JAKARTA (Lenteratoday) -Sekretaris Jenderal PBB Antonio Guterres mengatakan bahwa konflik di Sudan tidak dapat diselesaikan di medan perang, jadi kedua belah pihak harus menetapkan gencatan senjata permanen.
Guterres menyampaikan dalam pertemuan Dewan Keamanan PBB tentang konflik yang terjadi di Sudan tersebut. "Pihak-pihak yang berkonflik harus menghormati gencatan senjata 72 jam yang ditengahi oleh Amerika Serikat dan bersatu untuk menghentikan permusuhan secara permanen," katanya.

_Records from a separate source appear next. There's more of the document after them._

lemma seaweed_eq_blockdiagI:
  assumes Z: "Z \<in> seaweed n m"
    and B11: "\<And>i j. i \<in> {1..n} \<Longrightarrow> j \<in> {1..n} \<Longrightarrow> Z i j = X i j"
    and B22: "\<And>i j. i \<in> {n+1..n+m} \<Longrightarrow> j \<in> {n+1..n+m} \<Longrightarrow> Z i j = Y (i-n) (j-n)"
    and B33: "\<And>i j. i \<in> {n+m+1..2*n+m} \<Longrightarrow> j \<in> {n+m+1..2*n+m} \<Longrightarrow> Z i j = W (i-n-m) (j-n-m)"
    and B21: "\<And>i j. i \<in> {n+1..n+m} \<Longrightarrow> j \<in> {1..n} \<Longrightarrow> Z i j = 0"
    and B3: "\<And>i j. i \<in> {n+m+1..2*n+m} \<Longrightarrow> j \<in> {1..n+m} \<Longrightarrow> Z i j = 0"
  shows "Z = blockdiag n m X Y W"
proof (intro ext)
  fix i j
  have upper: "Z i j = 0" if "i \<le> n \<and> n < j \<or> i \<le> n+m \<and> n+m < j"
    using Z that by (auto simp: seaweed_def)
  consider (out) "i \<notin> {1..2*n+m} \<or> j \<notin> {1..2*n+m}"
    | (11) "i \<in> {1..n}" "j \<in> {1..n}" | (22) "i \<in> {n+1..n+m}" "j \<in> {n+1..n+m}"
    | (33) "i \<in> {n+m+1..2*n+m}" "j \<in> {n+m+1..2*n+m}"
    | (21) "i \<in> {n+1..n+m}" "j \<in> {1..n}" | (3) "i \<in> {n+m+1..2*n+m}" "j \<in> {1..n+m}"
    | (up) "i \<le> n \<and> n < j \<or> i \<le> n+m \<and> n+m < j"
    by fastforce
  then show "Z i j = blockdiag n m X Y W i j"
  proof cases
    case out
    with Z show ?thesis by (auto simp: blockdiag_def seaweed_def gl_def)
  qed (auto simp: blockdiag_def B11 B22 B33 B21 B3 upper)
qed

lemma blockdiag_corner: "i \<in> {1..n} \<Longrightarrow> j \<in> {1..n} \<Longrightarrow> blockdiag n m X Y Z i j = X i j"
  by (simp add: blockdiag_def)

lemma blockdiag_middle: "i \<in> {1..m} \<Longrightarrow> j \<in> {1..m} \<Longrightarrow> blockdiag n m X Y Z (n+i) (n+j) = Y i j"
  by (auto simp: blockdiag_def)

lemma linear_blockdiag_outer:
  assumes "Vector_Spaces.linear cscale cscale T"
  shows "Vector_Spaces.linear cscale cscale (\<lambda>X. blockdiag n m X 0 (T X))"
proof -
  interpret T: Vector_Spaces.linear cscale cscale T by fact
  show ?thesis
  proof (rule cmat_linearI)
    show "blockdiag n m (X + X') 0 (T (X + X')) = blockdiag n m X 0 (T X) + blockdiag n m X' 0 (T X')"
      for X X'
      by (simp add: T.add fun_eq_iff blockdiag_def)
    show "blockdiag n m (cscale c X) 0 (T (cscale c X)) = cscale c (blockdiag n m X 0 (T X))" for c X
      by (simp add: T.scale fun_eq_iff blockdiag_def)
  qed
qed

lemma linear_blockdiag_middle: "Vector_Spaces.linear cscale cscale (\<lambda>Y. blockdiag n m 0 Y 0)"
  by (rule cmat_linearI) (simp_all add: fun_eq_iff blockdiag_def)

lemma cdim_blockdiag:
  assumes T: "Vector_Spaces.linear cscale cscale T"
  shows "cdim {blockdiag n m X Y (T X) | X Y. X \<in> kerB n (gl n) p \<and> Y \<in> kerB m (gl m) q}
       = cdim (kerB n (gl n) p) + cdim (kerB m (gl m) q)"
proof -
  interpret T: Vector_Spaces.linear cscale cscale T by fact
  define L1 where "L1 X = blockdiag n m X 0 (T X)" for X
  define L2 where "L2 Y = blockdiag n m 0 Y 0" for Y
  have split: "blockdiag n m X Y (T X) = L1 X + L2 Y" for X Y
    by (simp add: fun_eq_iff blockdiag_def L1_def L2_def)
  have linear: "Vector_Spaces.linear cscale cscale L1" "Vector_Spaces.linear cscale cscale L2"
    unfolding L1_def[abs_def] L2_def[abs_def]
    by (rule linear_blockdiag_outer[OF T], rule linear_blockdiag_middle)
  have inj1: "inj_on L1 (gl n)"
  proof (rule inj_onI)
    fix X X' assume "X \<in> gl n" "X' \<in> gl n" and eq: "L1 X = L1 X'"
    have "X i j = X' i j" if "i \<in> {1..n}" "j \<in> {1..n}" for i j
      using fun_cong[OF fun_cong[OF eq, of i], of j] that by (simp add: L1_def blockdiag_corner)
    with \<open>X \<in> gl n\<close> \<open>X' \<in> gl n\<close> show "X = X'"
      by (rule gl_eqI)
  qed
  have inj2: "inj_on L2 (gl m)"
  proof (rule inj_onI)
    fix Y Y' assume "Y \<in> gl m" "Y' \<in> gl m" and eq: "L2 Y = L2 Y'"
    have "Y i j = Y' i j" if "i \<in> {1..m}" "j \<in> {1..m}" for i j
      using fun_cong[OF fun_cong[OF eq, of "n+i"], of "n+j"] that by (simp add: L2_def blockdiag_middle)
    with \<open>Y \<in> gl m\<close> \<open>Y' \<in> gl m\<close> show "Y = Y'"
      by (rule gl_eqI)
  qed
  have disjoint: "L1 X = 0" if "X \<in> gl n" "L1 X + L2 Y = 0" for X Y
  proof -
    have "X i j = (L1 X + L2 Y) i j" if "i \<in> {1..n}" "j \<in> {1..n}" for i j
      using that by (simp add: L1_def L2_def blockdiag_corner)
    with that have "X = 0"
      by (intro gl_eqI) (auto simp: gl_def)
    moreover have "L1 0 = 0"
      unfolding L1_def T.zero by (simp add: blockdiag_def fun_eq_iff)
    ultimately show ?thesis
      by simp
  qed
  have "cmat.dim {L1 X + L2 Y | X Y. X \<in> kerB n (gl n) p \<and> Y \<in> kerB m (gl m) q}
      = cmat.dim (kerB n (gl n) p) + cmat.dim (kerB m (gl m) q)"
  proof (rule cmat.dim_sum_images[OF linear subspace_kerB_gl _ _ subspace_kerB_gl])
    show "kerB n (gl n) p \<subseteq> cmat.span ((\<lambda>(i, j). estar i j) ` ({1..n} \<times> {1..n}))"
      using kerB_subset_gl gl_subset_span_estar by (rule subset_trans)
    show "kerB m (gl m) q \<subseteq> cmat.span ((\<lambda>(i, j). estar i j) ` ({1..m} \<times> {1..m}))"
      using kerB_subset_gl gl_subset_span_estar by (rule subset_trans)
    show "inj_on L1 (kerB n (gl n) p)" "inj_on L2 (kerB m (gl m) q)"
      using inj_on_subset[OF inj1 kerB_subset_gl] inj_on_subset[OF inj2 kerB_subset_gl] .
    show "L1 X = 0" if "X \<in> kerB n (gl n) p" "L1 X + L2 Y = 0" for X Y
      using disjoint kerB_subset_gl that by blast
  qed simp_all
  then show ?thesis
    by (simp add: cdim_eq_dim split)
qed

Dia menyerukan untuk menghentikan pertempuran dan membutuhkan upaya habis-habisan untuk bisa tercapai perdamaian.
“Pertempuran harus segera dihentikan. Kami membutuhkan upaya habis-habisan untuk perdamaian,” lanjut Sekjen PBB, seperti dilansir dari TASS, Rabu (26/4/2023).
Lebih lanjut, dia meminta pihak yang bertikai di Sudan untuk membungkam senjata, dan menempatkan kepentingan warganya di depan.
"Saya meminta pihak-pihak yang berkonflik, Jenderal Abdel Fattah al-Burhan dan Mohamed Hamdan Daglo 'Hemedti,' dan Angkatan Bersenjata Sudan dan Pasukan Pendukung Cepat, untuk membungkam senjata. Para pemimpin Sudan berkewajiban untuk menempatkan kepentingan orang-orang mereka di depan dan di tengah," tambahnya.
Guterres menyatakan bahwa pimpinan misi PBB di Sudan akan tetap berada di negara itu untuk memberikan bantuan kepada penduduknya.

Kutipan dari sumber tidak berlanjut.